Matthew Amroliwala (born 1962) is a British television newsreader, who presents Global with Matthew Amroliwala on BBC World News each weekday at 1500 hrs GMT. He has also been an occasional relief presenter of the BBC News at One  on BBC One. He also presented Crimewatch alongside Kirsty Young from January 2008 until March 2015.

Early life and education
Amroliwala was educated at the King's School, Ely, Cambridgeshire and then Durham University. He graduated in 1984, having read Law and Politics.

Career
After working as a chartered accountant, he joined the BBC and, in 1990, became a BBC network television correspondent. In 1997, he joined the BBC News Channel as a presenter of the channel's evening programmes and from the beginning of 2001, he has presented the late afternoon news programme, first with Jane Hill and then with Maxine Mawhinney. In April 2006, he was re-united with Hill on the 11 am–2 pm shift until March 2013 when the duo moved to the 2 pm–5 pm slot on Tuesday to Friday; Emily Maitlis co-presented on Mondays.

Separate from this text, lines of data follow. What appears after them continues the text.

lemma stable:
  assumes "\<epsilon> > 0"
  shows "\<exists>\<eta>>0. \<forall>T>0. \<forall>S I. ode_sol n \<delta> \<omega> r \<mu> p \<beta> {0..<T} S I
    \<and> (\<forall>i\<le>n. \<bar>S 0 i - Se i\<bar> < \<eta>) \<and> \<bar>I 0 - Ie\<bar> < \<eta>
    \<longrightarrow> (\<forall>t\<in>{0..<T}. (\<forall>i\<le>n. \<bar>S t i - Se i\<bar> < \<epsilon>) \<and> \<bar>I t - Ie\<bar> < \<epsilon>)"
proof -
  define c where "c = lyap_lower * min Q_max (\<epsilon>\<^sup>2 / (5 * real n))"
  have "c > 0" unfolding c_def using lyap_lower_pos Q_max_pos assms n_pos by simp
  then obtain \<eta> where "\<eta> > 0"
    and small: "\<And>S I. \<forall>i\<le>n. \<bar>S i - Se i\<bar> < \<eta> \<Longrightarrow> \<bar>I - Ie\<bar> < \<eta> \<Longrightarrow> V S I < c"
    using V_small_near by blast
  have "(\<forall>i\<le>n. \<bar>S t i - Se i\<bar> < \<epsilon>) \<and> \<bar>I t - Ie\<bar> < \<epsilon>"
    if sol: "ode_sol n \<delta> \<omega> r \<mu> p \<beta> {0..<T} S I" and t: "t \<in> {0..<T}"
      and init: "\<forall>i\<le>n. \<bar>S 0 i - Se i\<bar> < \<eta>" "\<bar>I 0 - Ie\<bar> < \<eta>" for T S I t
  proof -
    have V0: "V (S 0) (I 0) < c" using small init by blast
    then have "V (S 0) (I 0) < lyap_lower * Q_max"
      unfolding c_def using lyap_lower_pos by (smt (verit) mult_left_mono min.cobounded1)
    then have "V (S t) (I t) * exp (decay_rate*t) \<le> V (S 0) (I 0)" by (rule V_exp_decay[OF sol _ t])
    moreover have "1 \<le> exp (decay_rate*t)" using t decay_rate_pos by simp
    then have "V (S t) (I t) \<le> V (S t) (I t) * exp (decay_rate*t)"
      using mult_left_mono[OF _ V_Q_bounds(4)] by fastforce
    ultimately have "lyap_lower * Q (S t) (I t) < lyap_lower * (\<epsilon>\<^sup>2 / (5 * real n))"
      using V0 V_Q_bounds(1)[of "S t" "I t"] lyap_lower_pos unfolding c_def
      by (smt (verit) mult_left_mono min.cobounded2)
    then have "Q (S t) (I t) < \<epsilon>\<^sup>2 / (5 * real n)"
      using lyap_lower_pos by (simp only: mult_less_cancel_left_pos)
    then show ?thesis by (rule dev_less_if_Q_less[OF assms])
  qed
  then show ?thesis using \<open>\<eta> > 0\<close> by blast
qed

lemma Q_exp_bound:
  assumes sol: "ode_sol n \<delta> \<omega> r \<mu> p \<beta> {0..} S I"
    and V0: "V (S 0) (I 0) < lyap_lower * Q_max" and t: "0 \<le> t"
  shows "Q (S t) (I t) \<le> V (S 0) (I 0) / lyap_lower * exp (- (decay_rate*t))"
proof -
  have "ode_sol n \<delta> \<omega> r \<mu> p \<beta> {0..<t+1} S I" by (rule ode_sol_subset[OF sol]) auto
  then have "V (S t) (I t) * exp (decay_rate*t) \<le> V (S 0) (I 0)" using V_exp_decay V0 t by simp
  then have "V (S t) (I t) \<le> V (S 0) (I 0) * exp (- (decay_rate*t))"
    by (simp add: exp_minus field_simps)
  then show ?thesis
    using V_Q_bounds(1)[of "S t" "I t"] lyap_lower_pos by (simp add: field_simps)
qed

lemma attractive:
  "\<exists>\<eta>>0. \<forall>S I. ode_sol n \<delta> \<omega> r \<mu> p \<beta> {0..} S I
    \<and> (\<forall>i\<le>n. \<bar>S 0 i - Se i\<bar> < \<eta>) \<and> \<bar>I 0 - Ie\<bar> < \<eta>
    \<longrightarrow> (\<forall>i\<le>n. ((\<lambda>t. S t i) \<longlongrightarrow> Se i) at_top) \<and> (I \<longlongrightarrow> Ie) at_top"
proof -
  obtain \<eta> where "\<eta> > 0" and small: "\<And>S I. \<forall>i\<le>n. \<bar>S i - Se i\<bar> < \<eta> \<Longrightarrow> \<bar>I - Ie\<bar> < \<eta>
      \<Longrightarrow> V S I < lyap_lower * Q_max"
    using V_small_near[of "lyap_lower * Q_max"] lyap_lower_pos Q_max_pos by auto
  have "(\<forall>i\<le>n. ((\<lambda>t. S t i) \<longlongrightarrow> Se i) at_top) \<and> (I \<longlongrightarrow> Ie) at_top"
    if sol: "ode_sol n \<delta> \<omega> r \<mu> p \<beta> {0..} S I"
      and init: "\<forall>i\<le>n. \<bar>S 0 i - Se i\<bar> < \<eta>" "\<bar>I 0 - Ie\<bar> < \<eta>" for S I
  proof -
    define g where "g t = 5 * real n * (V (S 0) (I 0) / lyap_lower * exp (- (decay_rate*t)))" for t
    have "filterlim (\<lambda>t. decay_rate * t) at_top at_top"
      using decay_rate_pos by (intro filterlim_tendsto_pos_mult_at_top[OF tendsto_const _ filterlim_ident])
    then have "((\<lambda>t. exp (- (decay_rate*t))) \<longlongrightarrow> 0) at_top"
      by (intro filterlim_compose[OF exp_at_bot]) (simp add: filterlim_uminus_at_bot)
    then have g: "(g \<longlongrightarrow> 0) at_top" unfolding g_def by (intro tendsto_mult_right_zero)
    have Q: "\<forall>\<^sub>F t in at_top. 5 * real n * Q (S t) (I t) \<le> g t"
      unfolding eventually_at_top_linorder
    proof (intro exI[of _ 0] allI impI)
      fix t :: real assume "0 \<le> t"
      then show "5 * real n * Q (S t) (I t) \<le> g t"
        unfolding g_def using Q_exp_bound[OF sol small[OF init]] by (intro mult_left_mono) auto
    qed
    have "((\<lambda>t. S t i - Se i) \<longlongrightarrow> 0) at_top" if "i \<le> n" for i
    proof (rule tendsto_0_if_power2_le[OF _ g])
      show "\<forall>\<^sub>F t in at_top. (S t i - Se i)\<^sup>2 \<le> g t"
        using Q by eventually_elim (rule order_trans[OF dev_sq_le_Q(1)[OF that]])
    qed
    moreover have "((\<lambda>t. I t - Ie) \<longlongrightarrow> 0) at_top"
    proof (rule tendsto_0_if_power2_le[OF _ g])
      show "\<forall>\<^sub>F t in at_top. (I t - Ie)\<^sup>2 \<le> g t"
        using Q by eventually_elim (rule order_trans[OF dev_sq_le_Q(2)])
    qed
    ultimately show ?thesis by (auto simp: LIM_zero_iff)
  qed
  then show ?thesis using \<open>\<eta> > 0\<close> by blast
qed

lemma loc_asymp_stable: "loc_asymp_stable n \<delta> \<omega> r \<mu> p \<beta> Se Ie"
  unfolding loc_asymp_stable_def using stable attractive by blast

lemma endemic_eq_unique:
  assumes other: "endemic_eq n \<delta> \<omega> r \<mu> p \<beta> S I"
  shows "I = Ie \<and> (\<forall>i\<le>n. S i = Se i)"
proof -
  define u where "u = (\<lambda>j. S j - Se j)"
  define w where "w = I - Ie"
  define z where "z = (\<Sum>j=0..n. S j - Se j) + (I - Ie)"
  have I: "0 < I" "I \<le> 1" using endemic_eq_facts(4,5)[OF other] by auto
  have zdef: "z = (\<Sum>i=0..n. u i) + w" unfolding z_def u_def w_def ..
  have "z = ((\<Sum>i=0..n. S i) + I) - ((\<Sum>i=0..n. Se i) + Ie)"
    unfolding z_def by (simp add: sum_subtractf)
  then have "z = 0" using endemic_eq_facts(3)[OF endemic] endemic_eq_facts(3)[OF other] by simp
  have Sdev: "Sdev \<delta> Se u w I i = 0" if "1 \<le> i" "i \<le> n" for i
    using endemic_eq_facts(1)[OF other] Sdot_eq_Sdev[OF endemic that, of S I] that
    unfolding u_def w_def by simp
  have "force_dev u = 0"
    using Idot_eq_force_dev[OF endemic, of S I] I
      endemic_eq_facts(2)[OF other] endemic_eq_facts(2)[OF endemic]
    unfolding u_def force_dev_def by (simp add: sum_subtractf algebra_simps)
  \<comment> \<open>weighting w^2 by 1/I instead of 1/Ie removes the cubic term\<close>
  then have "lyap_deriv \<delta> I Se u w z I = 0"
    unfolding lyap_deriv_def using Sdev[OF n_pos order_refl] Sdev \<open>z = 0\<close> by simp
  moreover have "lyap_deriv \<delta> I Se u w z I \<le> - (lyap_rate/2) * lyap_norm u w z"
    using I \<open>force_dev u = 0\<close> lyap_consts_pos
    by (intro lyap_deriv_le[OF zdef \<delta>_nonneg \<delta>_small _ _ Se_n_bounds Se_mid_bound]) auto
  ultimately have "lyap_norm u w z \<le> 0" using lyap_consts_pos by (simp add: mult_le_0_iff)
  then have "(\<Sum>i=0..n. (u i)\<^sup>2) + w\<^sup>2 \<le> 0"
    using sum_sq_le_lyap_norm[OF zdef] n_pos by (smt (verit) mult_nonneg_nonpos of_nat_0_le_iff)
  moreover have "0 \<le> (\<Sum>i=0..n. (u i)\<^sup>2)" by (simp add: sum_nonneg)
  ultimately have "w = 0" "\<And>i. i \<le> n \<Longrightarrow> u i = 0"
    using sq_le_sum_sq[of _ u] zero_le_power2[of w] by (smt (verit) power2_less_eq_zero_iff)+
  then show ?thesis unfolding u_def w_def by simp
qed

lemma other_endemic_eq_locale:
  assumes "endemic_eq n \<delta> \<omega> r \<mu> p \<beta> S I"
  shows "waning_immunity_endemic n \<omega> r \<mu> p \<beta> \<delta> S I"
proof -
  have "\<forall>i\<le>n. S i = Se i" using endemic_eq_unique[OF assms] by blast
  then have "S n = Se n" "\<forall>i\<in>{1..<n}. S i = Se i" by auto
  then show ?thesis
    using assms \<delta>_nonneg \<delta>_small Se_n_bounds Se_mid_bound
    by unfold_locales auto
qed

end

context waning_immunity
begin

definition \<delta>_max :: real where
  "\<delta>_max = min (min \<delta>_lyap (\<mu>/2)) (\<mu> * min (equil_residual 0 0) r / (3 * real n * \<beta> n))"

lemma \<delta>_max_pos: "\<delta>_max > 0"
  unfolding \<delta>_max_def
  using lyap_consts_pos \<mu>_pos equil_residual_zero_delta_at_0 r_pos n_pos \<beta>_n_pos by simp

lemma endemic_equilibrium_exists:
  assumes "0 \<le> \<delta>" "\<delta> < \<delta>_max"
  obtains Se Ie where "waning_immunity_endemic n \<omega> r \<mu> p \<beta> \<delta> Se Ie"
proof -
  have \<delta>: "\<delta> \<le> \<delta>_lyap" "\<delta> \<le> \<mu>/2" using assms unfolding \<delta>_max_def by auto
  define m where "m = min (equil_residual 0 0) r"
  have "\<delta> * (3 * real n * \<beta> n) < \<mu> * m"
    using assms n_pos \<beta>_n_pos unfolding \<delta>_max_def m_def[symmetric] by (simp add: less_divide_eq)
  then have "3*real n*\<beta> n*\<delta>/\<mu> < m"
    using \<mu>_pos by (simp add: divide_less_eq algebra_simps)
  then obtain Ie where Ie: "0 < Ie" "Ie < 1" "equil_residual \<delta> Ie = 0"
    using equil_residual_root[OF assms(1) \<delta>(2)] unfolding m_def by blast
  have "waning_immunity_endemic n \<omega> r \<mu> p \<beta> \<delta> (equil_profile \<delta> Ie) Ie"
    using equil_profile_endemic[OF assms(1) \<delta>(2) Ie(1) _ Ie(3)] equil_profile_bounds[OF assms(1) \<delta>(2)] Ie
      assms(1) \<delta>(1)
    by unfold_locales auto
  then show ?thesis by (rule that)
qed

end

theorem theorem4:
  fixes n :: nat and \<omega> r \<mu> :: real and p \<beta> :: "nat \<Rightarrow> real"
  assumes "n \<ge> 1" and "\<omega> \<ge> 0" and "r > 0" and "\<mu> > 0"
    and "p 0 = 0" and "\<forall>i\<in>{1..n}. 0 \<le> p i \<and> p i \<le> 1"
    and "0 \<le> \<beta> 0" and "\<forall>i<n. \<beta> i \<le> \<beta> (Suc i)" and "\<beta> 0 < \<beta> n"
    and "(p n * \<omega> + \<mu>) * (\<mu> + r) < \<beta> 0 * (p n * \<omega>) + \<beta> n * \<mu>"
  shows "\<exists>\<delta>0>0. \<forall>\<delta>. 0 \<le> \<delta> \<and> \<delta> < \<delta>0 \<longrightarrow>
           (\<exists>S I. endemic_eq n \<delta> \<omega> r \<mu> p \<beta> S I \<and>
              (\<forall>S' I'. endemic_eq n \<delta> \<omega> r \<mu> p \<beta> S' I' \<longrightarrow> I' = I \<and> (\<forall>i\<le>n. S' i = S i))) \<and>
           (\<forall>S I. endemic_eq n \<delta> \<omega> r \<mu> p \<beta> S I \<longrightarrow> loc_asymp_stable n \<delta> \<omega> r \<mu> p \<beta> S I)"
proof -
  interpret waning_immunity n \<omega> r \<mu> p \<beta>
    using assms by unfold_locales auto
  show ?thesis
  proof (intro exI[of _ \<delta>_max] conjI allI impI \<delta>_max_pos)
    fix \<delta> assume "0 \<le> \<delta> \<and> \<delta> < \<delta>_max"
    then obtain Se Ie where E: "waning_immunity_endemic n \<omega> r \<mu> p \<beta> \<delta> Se Ie"
      using endemic_equilibrium_exists by blast
    show "\<exists>S I. endemic_eq n \<delta> \<omega> r \<mu> p \<beta> S I \<and>
        (\<forall>S' I'. endemic_eq n \<delta> \<omega> r \<mu> p \<beta> S' I' \<longrightarrow> I' = I \<and> (\<forall>i\<le>n. S' i = S i))"
      using waning_immunity_endemic.endemic[OF E] waning_immunity_endemic.endemic_eq_unique[OF E]
      by blast
    fix S I assume "endemic_eq n \<delta> \<omega> r \<mu> p \<beta> S I"
    then show "loc_asymp_stable n \<delta> \<omega> r \<mu> p \<beta> S I"
      using waning_immunity_endemic.loc_asymp_stable waning_immunity_endemic.other_endemic_eq_locale[OF E]
      by blast
  qed
qed

end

He has covered many major news stories, including reporting extensively from Northern Ireland. He has also reported from Bosnia on the fall of Srebrenica and travelled throughout the Balkans during the conflict in Bosnia. Since January 2008, he has co-presented the programme Crimewatch with Kirsty Young and Rav Wilding (later Martin Bayfield), specialising in the solved cases, but missed  the March 2015 episode, and was covered by Jason Mohammad.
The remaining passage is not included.